My experience is interiors floors are trowel finished for ease of maintenance and cleaning.


----------



## cda

tomsmith said:


> Have an exposed interior concrete slab, what's the best finish?
> 
> Screeding
> Troweling
> Floating
> Float with Course Brooming
> Floating with Fine Broomng




Any particular setting/ occupancy??


----------



## tomsmith

Would the occupancy type impact the finish? This is for a commercial project, but would be curious to know the options for residential as well!


----------



## JBI

For a factory floor a broom finish would probably be suitable, for a mercantile occupancy maybe something smoother.
The Code does not specify either way.
Some big box stores do stamped concrete in the foyer/airlock portion. 
Where the vinyl composite tile goes they use a trowel finish.


----------



## tomsmith

Is a broom finish always rough? Looking for a non-slip surface


----------



## JBI

tomsmith said:


> Is a broom finish always rough?
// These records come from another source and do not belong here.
lemma abs_diff_le_d_lip:
  fixes \<mu> \<nu> :: "('a::metric_space \<Rightarrow> real) \<Rightarrow> real"
  assumes "bounded (UNIV :: 'a set)" "\<mu> \<in> idem_prob" "\<nu> \<in> idem_prob" "a-lipschitz_on UNIV g"
  shows "\<bar>\<mu> g - \<nu> g\<bar> \<le> d_lip a \<mu> \<nu>"
  unfolding d_lip_def
proof (rule cSup_upper)
  show "bdd_above {\<bar>\<mu> g - \<nu> g\<bar> |g. a-lipschitz_on UNIV g}"
    using idem_prob_lipschitz_abs_diff_le[OF assms(1-3)]
    by (intro bdd_aboveI[where M = "2 * a * diameter (UNIV :: 'a set)"]) blast
qed (use assms(4) in blast)

lemma d_lip_nonneg:
  fixes \<mu> \<nu> :: "('a::metric_space \<Rightarrow> real) \<Rightarrow> real"
  assumes "bounded (UNIV :: 'a set)" "\<mu> \<in> idem_prob" "\<nu> \<in> idem_prob" "0 \<le> a"
  shows "0 \<le> d_lip a \<mu> \<nu>"
proof -
  have "a-lipschitz_on UNIV (\<lambda>x::'a. 0::real)"
    using lipschitz_on_constant assms(4) by (rule lipschitz_on_le)
  from abs_diff_le_d_lip[OF assms(1-3) this] show ?thesis
    by simp
qed

lemma d_lip_le_diameter:
  fixes \<mu> \<nu> :: "('a::metric_space \<Rightarrow> real) \<Rightarrow> real"
  assumes "bounded (UNIV :: 'a set)" "\<mu> \<in> idem_prob" "\<nu> \<in> idem_prob" "0 \<le> a"
  shows "d_lip a \<mu> \<nu> \<le> 2 * a * diameter (UNIV :: 'a set)"
  using assms(4) idem_prob_lipschitz_abs_diff_le[OF assms(1-3)] by (rule d_lip_le)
Looking for a non-slip surface


Depends on how wet the concrete and how coarse the broom I suppose. 'Non-slip' is an elusive term... 
What is the specific application (building use)?


----------



## fatboy

Nicer than broom.......I always called it a "sweat finish", probably because you do sweat finishing it!


----------



## Francis Vineyard

There are a variety of exposed aggregate that can be polished as desired.


----------



## tomsmith

Trowel vs. Floating with Brooming, which is best for interior exposed surface..


----------



## tomsmith

Trowel vs. Floating vs. Floating with Brooming *

By the way, is it possible to edit previous posts?


----------



## fatboy

Your own? Might be an option if you were a sawhorse.........


----------



## cda

tomsmith said:


> Trowel vs. Floating vs. Floating with Brooming *
> 
> By the way, is it possible to edit previous posts?
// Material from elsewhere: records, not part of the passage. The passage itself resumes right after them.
lemma matrix_inv_transpose_Q0_differentiable:
  assumes x: "x \<in> \<omega>" and q: "q differentiable (at x)"
  shows "(\<lambda>z. matrix_inv (transpose (Q0 G y0 z)) *v q z) differentiable (at x)"
proof -
  let ?D = "\<lambda>z. frame 1 z \<bullet> cross3 (frame 2 z) (frame 3 z)"
  have D: "?D z \<noteq> 0" if "z \<in> \<omega>" for z
  proof -
    have "det (transpose (Q0 G y0 z)) \<noteq> 0"
      using transpose_Q0_invertible[OF that] invertible_det_nz by blast
    then show ?thesis by (simp add: Q0_def frame_simps cols3_def dot_cross_det)
  qed
  show ?thesis
  proof (rule differentiable_cong_open[OF open_domain x])
    show "matrix_inv (transpose (Q0 G y0 z)) *v q z = (1 / ?D z) *\<^sub>R
        (q z$1 *\<^sub>R cross3 (frame 2 z) (frame 3 z) + q z$2 *\<^sub>R cross3 (frame 3 z) (frame 1 z)
         + q z$3 *\<^sub>R cross3 (frame 1 z) (frame 2 z))" if "z \<in> \<omega>" for z
      using matrix_inv_transpose_cols3_mult[OF D[OF that]] by (simp add: Q0_def frame_simps)
    show "(\<lambda>z. (1 / ?D z) *\<^sub>R
        (q z$1 *\<^sub>R cross3 (frame 2 z) (frame 3 z) + q z$2 *\<^sub>R cross3 (frame 3 z) (frame 1 z)
         + q z$3 *\<^sub>R cross3 (frame 1 z) (frame 2 z))) differentiable (at x)"
      using frame_differentiable[OF x] q D[OF x] by (auto intro!: derivative_intros differentiable_inner)
  qed
qed

lemma pd2_matrix_inv_transpose_Q0:
  assumes x: "x \<in> \<omega>" and q: "q differentiable (at x)" and ij: "i \<in> {1, 2}" "j \<in> {1, 2}"
  shows "pd2 i y0 x \<bullet> pd2 j (\<lambda>z. matrix_inv (transpose (Q0 G y0 z)) *v q z) x
       = ax3 i \<bullet> pd2 j q x - q x \<bullet> gvec G (lift x 0) i j"
proof -
  define w where "w z = matrix_inv (transpose (Q0 G y0 z)) *v q z" for z
  have w: "w differentiable (at x)"
    unfolding w_def[abs_def] by (rule matrix_inv_transpose_Q0_differentiable[OF x q])
  have Qw: "transpose (Q0 G y0 z) *v w z = q z" if "z \<in> \<omega>" for z
    unfolding w_def by (rule matrix_vector_mul_matrix_inv[OF transpose_Q0_invertible[OF that]])
  then have "pd2 i y0 z \<bullet> w z = ax3 i \<bullet> q z" if "z \<in> \<omega>" for z
    using ij that unfolding transpose_Q0_mult
    by (auto simp: vec_eq_iff forall_3 ax3_def inner_vec_def sum_3 frame_simps)
  then have "pd2 j (\<lambda>z. pd2 i y0 z \<bullet> w z) x = pd2 j (\<lambda>z. ax3 i \<bullet> q z) x"
    by (intro pd2_cong_open[OF open_domain x])
  then have "pd2 j (pd2 i y0) x \<bullet> w x + pd2 i y0 x \<bullet> pd2 j w x = ax3 i \<bullet> pd2 j q x"
    by (simp add: pd2_inner[OF y0_differentiable(2)[OF x] w] pd2_inner_const[OF q])
  moreover have "pd2 j (pd2 i y0) x \<bullet> w x = gvec G (lift x 0) i j \<bullet> q x"
    by (simp only: pd2_pd2_y0_commute[OF x, of j i] christoffel_columns(1)[OF x ij]
        inner_matrix_vector_mult Qw[OF x])
  ultimately show ?thesis by (simp add: w_def[abs_def] inner_commute)
qed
If you are a card carrying paid sawhorse

Helps keep the forum going!!!

Join today


----------



## tomsmith

Which one would produce an interior non slip finish, the coarse brooming or the fine brooming?


----------



## cda

http://www.concreteconstruction.net/how-to/non-slip-finishes-for-concrete_o

https://www.concretenetwork.com/slip-resistant-coatings/


----------



## fatboy

Starting to think you’re yanking our chain here, you’ve been asked a couple of times anyways, what is the specific use you are asking about?


----------



## tomsmith

ACTUALLY- CDA resources just helped, thanks much! This is for an interior commercial renovation- a boutique store. Everything I'm reading confirms trowel is for interior applications and floating with brooming is for exterior.


----------



## ADAguy

Given that it is a boutique what does the designer want to see? Many are staining a smooth finish.


----------



## JPohling

your gonna wanna burnish it, polish it, or whatever technique you want to create a nicer interior finish and seal it or you will have concrete dust everywhere


----------